(Saved data entries)
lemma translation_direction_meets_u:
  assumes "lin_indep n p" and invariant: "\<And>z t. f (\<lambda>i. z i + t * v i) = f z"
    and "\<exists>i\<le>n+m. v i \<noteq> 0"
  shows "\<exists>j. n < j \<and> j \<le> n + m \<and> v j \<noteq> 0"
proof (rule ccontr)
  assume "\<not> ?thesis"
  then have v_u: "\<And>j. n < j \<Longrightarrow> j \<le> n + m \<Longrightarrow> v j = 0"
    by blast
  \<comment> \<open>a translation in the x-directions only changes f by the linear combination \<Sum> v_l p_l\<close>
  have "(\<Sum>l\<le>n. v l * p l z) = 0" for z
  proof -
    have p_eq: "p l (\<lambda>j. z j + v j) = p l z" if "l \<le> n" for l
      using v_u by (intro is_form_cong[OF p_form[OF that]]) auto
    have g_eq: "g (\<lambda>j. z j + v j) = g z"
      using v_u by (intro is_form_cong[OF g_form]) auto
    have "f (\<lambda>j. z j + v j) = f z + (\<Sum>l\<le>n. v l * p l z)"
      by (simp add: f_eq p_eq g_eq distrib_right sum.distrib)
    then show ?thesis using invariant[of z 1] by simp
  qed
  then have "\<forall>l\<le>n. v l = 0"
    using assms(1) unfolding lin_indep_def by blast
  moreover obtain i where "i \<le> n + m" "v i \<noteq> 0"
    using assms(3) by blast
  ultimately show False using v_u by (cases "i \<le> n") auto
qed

--

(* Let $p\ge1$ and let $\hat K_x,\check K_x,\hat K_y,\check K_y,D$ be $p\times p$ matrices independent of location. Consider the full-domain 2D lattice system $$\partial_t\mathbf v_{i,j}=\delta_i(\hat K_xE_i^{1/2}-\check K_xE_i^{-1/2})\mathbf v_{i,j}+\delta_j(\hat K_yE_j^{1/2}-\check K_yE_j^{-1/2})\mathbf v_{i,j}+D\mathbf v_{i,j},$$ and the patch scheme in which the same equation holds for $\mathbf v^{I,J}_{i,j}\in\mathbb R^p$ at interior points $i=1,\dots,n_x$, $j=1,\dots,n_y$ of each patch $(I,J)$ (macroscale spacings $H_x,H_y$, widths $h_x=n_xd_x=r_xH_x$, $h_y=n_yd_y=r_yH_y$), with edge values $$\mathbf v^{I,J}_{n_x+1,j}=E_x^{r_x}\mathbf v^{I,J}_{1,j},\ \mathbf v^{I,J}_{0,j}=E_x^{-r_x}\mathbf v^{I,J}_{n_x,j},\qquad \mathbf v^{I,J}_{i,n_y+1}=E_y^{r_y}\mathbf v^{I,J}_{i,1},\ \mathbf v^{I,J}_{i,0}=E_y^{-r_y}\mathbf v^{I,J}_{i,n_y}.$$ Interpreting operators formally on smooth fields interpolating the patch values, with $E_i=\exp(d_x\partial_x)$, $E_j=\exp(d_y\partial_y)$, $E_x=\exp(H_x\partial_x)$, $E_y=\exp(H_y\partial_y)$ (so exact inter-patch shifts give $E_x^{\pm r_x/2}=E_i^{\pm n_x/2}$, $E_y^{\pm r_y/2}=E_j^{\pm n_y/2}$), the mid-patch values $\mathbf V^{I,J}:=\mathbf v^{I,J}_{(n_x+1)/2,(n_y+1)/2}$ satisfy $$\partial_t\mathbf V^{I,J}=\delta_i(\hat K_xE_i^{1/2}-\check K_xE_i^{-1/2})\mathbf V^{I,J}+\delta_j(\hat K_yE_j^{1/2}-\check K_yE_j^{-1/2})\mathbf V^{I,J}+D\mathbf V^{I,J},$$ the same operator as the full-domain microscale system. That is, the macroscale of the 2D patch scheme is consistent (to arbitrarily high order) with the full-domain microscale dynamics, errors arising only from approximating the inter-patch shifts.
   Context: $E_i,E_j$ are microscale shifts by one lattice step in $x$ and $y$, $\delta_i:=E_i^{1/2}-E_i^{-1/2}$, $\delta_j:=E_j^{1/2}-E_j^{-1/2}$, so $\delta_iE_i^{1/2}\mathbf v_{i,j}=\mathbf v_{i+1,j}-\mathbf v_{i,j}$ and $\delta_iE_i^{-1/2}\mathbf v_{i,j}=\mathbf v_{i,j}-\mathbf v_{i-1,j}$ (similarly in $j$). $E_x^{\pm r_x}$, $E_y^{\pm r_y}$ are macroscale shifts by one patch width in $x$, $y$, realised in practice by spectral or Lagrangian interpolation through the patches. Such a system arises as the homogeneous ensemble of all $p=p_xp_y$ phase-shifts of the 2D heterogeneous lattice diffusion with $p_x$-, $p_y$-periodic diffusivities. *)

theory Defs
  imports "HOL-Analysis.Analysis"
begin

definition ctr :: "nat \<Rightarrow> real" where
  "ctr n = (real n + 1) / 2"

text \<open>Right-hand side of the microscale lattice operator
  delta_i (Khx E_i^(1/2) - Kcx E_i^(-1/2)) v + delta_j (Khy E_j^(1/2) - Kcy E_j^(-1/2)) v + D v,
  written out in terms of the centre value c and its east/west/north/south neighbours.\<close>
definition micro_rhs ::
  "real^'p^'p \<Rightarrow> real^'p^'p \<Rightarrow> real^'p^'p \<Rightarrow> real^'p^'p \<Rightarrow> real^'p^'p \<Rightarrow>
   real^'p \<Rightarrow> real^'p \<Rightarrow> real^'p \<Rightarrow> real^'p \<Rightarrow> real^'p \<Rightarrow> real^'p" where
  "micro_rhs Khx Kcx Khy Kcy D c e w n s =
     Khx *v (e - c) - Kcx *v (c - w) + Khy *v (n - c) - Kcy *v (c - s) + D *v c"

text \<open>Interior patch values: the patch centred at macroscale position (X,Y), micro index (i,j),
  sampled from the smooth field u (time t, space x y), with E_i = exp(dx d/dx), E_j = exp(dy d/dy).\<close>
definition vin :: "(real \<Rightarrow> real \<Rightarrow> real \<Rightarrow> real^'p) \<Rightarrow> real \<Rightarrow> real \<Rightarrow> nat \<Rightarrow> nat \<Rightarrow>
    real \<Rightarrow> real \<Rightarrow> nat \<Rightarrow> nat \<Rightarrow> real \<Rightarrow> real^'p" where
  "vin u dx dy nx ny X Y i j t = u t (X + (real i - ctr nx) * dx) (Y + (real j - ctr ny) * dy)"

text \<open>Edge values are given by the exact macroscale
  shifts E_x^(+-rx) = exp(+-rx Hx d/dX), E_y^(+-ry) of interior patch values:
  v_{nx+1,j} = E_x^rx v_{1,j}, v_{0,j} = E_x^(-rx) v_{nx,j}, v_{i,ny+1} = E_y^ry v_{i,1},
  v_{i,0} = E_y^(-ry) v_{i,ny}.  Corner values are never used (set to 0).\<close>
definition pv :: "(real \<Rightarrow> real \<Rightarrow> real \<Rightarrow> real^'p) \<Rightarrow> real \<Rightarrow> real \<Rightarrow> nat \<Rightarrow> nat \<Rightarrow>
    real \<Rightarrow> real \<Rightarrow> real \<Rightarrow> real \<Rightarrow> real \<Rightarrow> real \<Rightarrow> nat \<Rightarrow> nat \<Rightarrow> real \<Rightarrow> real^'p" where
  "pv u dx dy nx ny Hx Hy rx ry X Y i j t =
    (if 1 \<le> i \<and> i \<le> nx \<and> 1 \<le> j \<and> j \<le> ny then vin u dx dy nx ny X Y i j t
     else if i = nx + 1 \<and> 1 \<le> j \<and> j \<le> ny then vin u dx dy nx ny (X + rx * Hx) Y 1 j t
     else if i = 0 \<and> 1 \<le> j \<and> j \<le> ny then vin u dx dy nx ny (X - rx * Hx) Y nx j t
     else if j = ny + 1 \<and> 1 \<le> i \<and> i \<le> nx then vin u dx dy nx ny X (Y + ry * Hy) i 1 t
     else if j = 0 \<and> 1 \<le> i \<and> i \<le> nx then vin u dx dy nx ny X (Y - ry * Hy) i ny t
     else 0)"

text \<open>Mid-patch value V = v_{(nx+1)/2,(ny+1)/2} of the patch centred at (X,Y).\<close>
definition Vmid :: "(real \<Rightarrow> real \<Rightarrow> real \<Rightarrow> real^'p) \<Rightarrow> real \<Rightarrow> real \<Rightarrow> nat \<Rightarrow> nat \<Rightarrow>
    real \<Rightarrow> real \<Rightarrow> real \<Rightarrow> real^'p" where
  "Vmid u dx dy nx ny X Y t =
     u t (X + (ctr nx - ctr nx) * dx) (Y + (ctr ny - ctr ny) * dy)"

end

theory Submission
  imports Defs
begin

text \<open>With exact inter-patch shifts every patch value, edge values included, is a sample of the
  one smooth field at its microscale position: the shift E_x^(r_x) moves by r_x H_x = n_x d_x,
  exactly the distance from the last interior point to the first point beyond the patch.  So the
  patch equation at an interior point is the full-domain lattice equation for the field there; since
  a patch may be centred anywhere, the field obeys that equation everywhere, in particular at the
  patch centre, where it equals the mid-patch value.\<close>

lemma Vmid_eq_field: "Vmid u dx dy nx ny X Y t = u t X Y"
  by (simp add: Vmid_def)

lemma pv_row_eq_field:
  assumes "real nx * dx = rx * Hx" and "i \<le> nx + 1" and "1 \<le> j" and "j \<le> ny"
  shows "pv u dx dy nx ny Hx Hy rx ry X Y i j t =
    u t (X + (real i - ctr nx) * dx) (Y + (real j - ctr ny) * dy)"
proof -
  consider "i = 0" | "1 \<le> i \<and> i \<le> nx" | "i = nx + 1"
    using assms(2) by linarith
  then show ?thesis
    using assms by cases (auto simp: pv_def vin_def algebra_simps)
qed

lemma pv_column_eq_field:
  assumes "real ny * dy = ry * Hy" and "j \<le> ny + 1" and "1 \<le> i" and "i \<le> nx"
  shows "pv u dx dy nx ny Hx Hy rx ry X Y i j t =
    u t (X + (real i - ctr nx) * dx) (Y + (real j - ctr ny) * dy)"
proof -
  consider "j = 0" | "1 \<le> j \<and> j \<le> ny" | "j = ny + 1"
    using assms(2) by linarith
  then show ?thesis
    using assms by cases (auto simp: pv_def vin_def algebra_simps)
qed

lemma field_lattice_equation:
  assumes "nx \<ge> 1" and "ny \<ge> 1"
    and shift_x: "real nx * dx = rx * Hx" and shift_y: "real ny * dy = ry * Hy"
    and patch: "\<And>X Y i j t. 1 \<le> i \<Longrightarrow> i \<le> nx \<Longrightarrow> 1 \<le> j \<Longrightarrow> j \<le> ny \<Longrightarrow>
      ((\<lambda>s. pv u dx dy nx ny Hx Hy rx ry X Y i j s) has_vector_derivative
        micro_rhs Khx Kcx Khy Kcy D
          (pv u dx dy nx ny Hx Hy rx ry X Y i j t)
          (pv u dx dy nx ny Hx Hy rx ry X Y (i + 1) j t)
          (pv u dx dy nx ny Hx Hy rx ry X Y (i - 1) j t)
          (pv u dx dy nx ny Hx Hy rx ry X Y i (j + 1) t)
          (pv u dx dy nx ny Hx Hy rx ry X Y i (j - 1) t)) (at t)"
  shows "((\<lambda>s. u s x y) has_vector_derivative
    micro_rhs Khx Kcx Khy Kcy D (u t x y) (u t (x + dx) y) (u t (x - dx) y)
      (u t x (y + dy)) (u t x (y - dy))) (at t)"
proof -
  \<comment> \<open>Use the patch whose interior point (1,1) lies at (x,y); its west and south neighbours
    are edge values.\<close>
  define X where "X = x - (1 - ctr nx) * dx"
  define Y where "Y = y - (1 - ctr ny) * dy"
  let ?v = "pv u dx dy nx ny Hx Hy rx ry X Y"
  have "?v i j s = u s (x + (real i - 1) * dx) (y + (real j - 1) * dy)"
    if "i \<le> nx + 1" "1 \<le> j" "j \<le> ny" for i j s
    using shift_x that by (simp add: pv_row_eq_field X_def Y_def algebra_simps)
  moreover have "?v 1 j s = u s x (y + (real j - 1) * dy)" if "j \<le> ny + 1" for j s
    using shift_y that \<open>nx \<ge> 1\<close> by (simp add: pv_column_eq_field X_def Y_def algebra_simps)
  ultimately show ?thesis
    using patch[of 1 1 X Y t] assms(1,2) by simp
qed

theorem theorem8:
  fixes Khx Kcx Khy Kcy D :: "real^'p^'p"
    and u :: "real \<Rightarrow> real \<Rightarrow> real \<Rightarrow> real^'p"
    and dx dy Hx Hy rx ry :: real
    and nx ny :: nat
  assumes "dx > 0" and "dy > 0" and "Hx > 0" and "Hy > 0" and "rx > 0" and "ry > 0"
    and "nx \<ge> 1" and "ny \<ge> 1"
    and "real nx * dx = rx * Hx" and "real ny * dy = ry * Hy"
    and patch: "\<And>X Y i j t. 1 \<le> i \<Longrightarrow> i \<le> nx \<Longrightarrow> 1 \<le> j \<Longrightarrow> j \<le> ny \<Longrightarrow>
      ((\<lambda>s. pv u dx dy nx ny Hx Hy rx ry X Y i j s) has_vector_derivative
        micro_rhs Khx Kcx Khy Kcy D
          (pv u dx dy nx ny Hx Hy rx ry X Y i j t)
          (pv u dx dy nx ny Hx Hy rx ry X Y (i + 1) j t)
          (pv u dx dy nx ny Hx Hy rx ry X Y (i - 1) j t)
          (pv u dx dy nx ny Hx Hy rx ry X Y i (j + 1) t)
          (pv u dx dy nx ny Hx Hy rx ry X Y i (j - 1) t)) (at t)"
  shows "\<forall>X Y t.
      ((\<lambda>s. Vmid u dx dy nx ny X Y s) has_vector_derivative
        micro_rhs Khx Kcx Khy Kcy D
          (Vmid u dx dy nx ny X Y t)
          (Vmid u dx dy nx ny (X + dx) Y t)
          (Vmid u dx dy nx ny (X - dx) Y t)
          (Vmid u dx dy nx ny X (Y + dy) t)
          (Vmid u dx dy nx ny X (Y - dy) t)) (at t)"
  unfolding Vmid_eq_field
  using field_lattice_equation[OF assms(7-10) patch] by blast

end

*Your instructions:* Could you set down, word for word, only the lines above from the line with "real^'p^'p \<Rightarrow> real^'p^'p \<Rightarrow> real^'p^'p" to the line with "Khy Kcy D c", including both?

*Solution to this exercise:*
  "real^'p^'p \<Rightarrow> real^'p^'p \<Rightarrow> real^'p^'p \<Rightarrow> real^'p^'p \<Rightarrow> real^'p^'p \<Rightarrow>
   real^'p \<Rightarrow> real^'p \<Rightarrow> real^'p \<Rightarrow> real^'p \<Rightarrow> real^'p \<Rightarrow> real^'p" where
  "micro_rhs Khx Kcx Khy Kcy D c e w n s =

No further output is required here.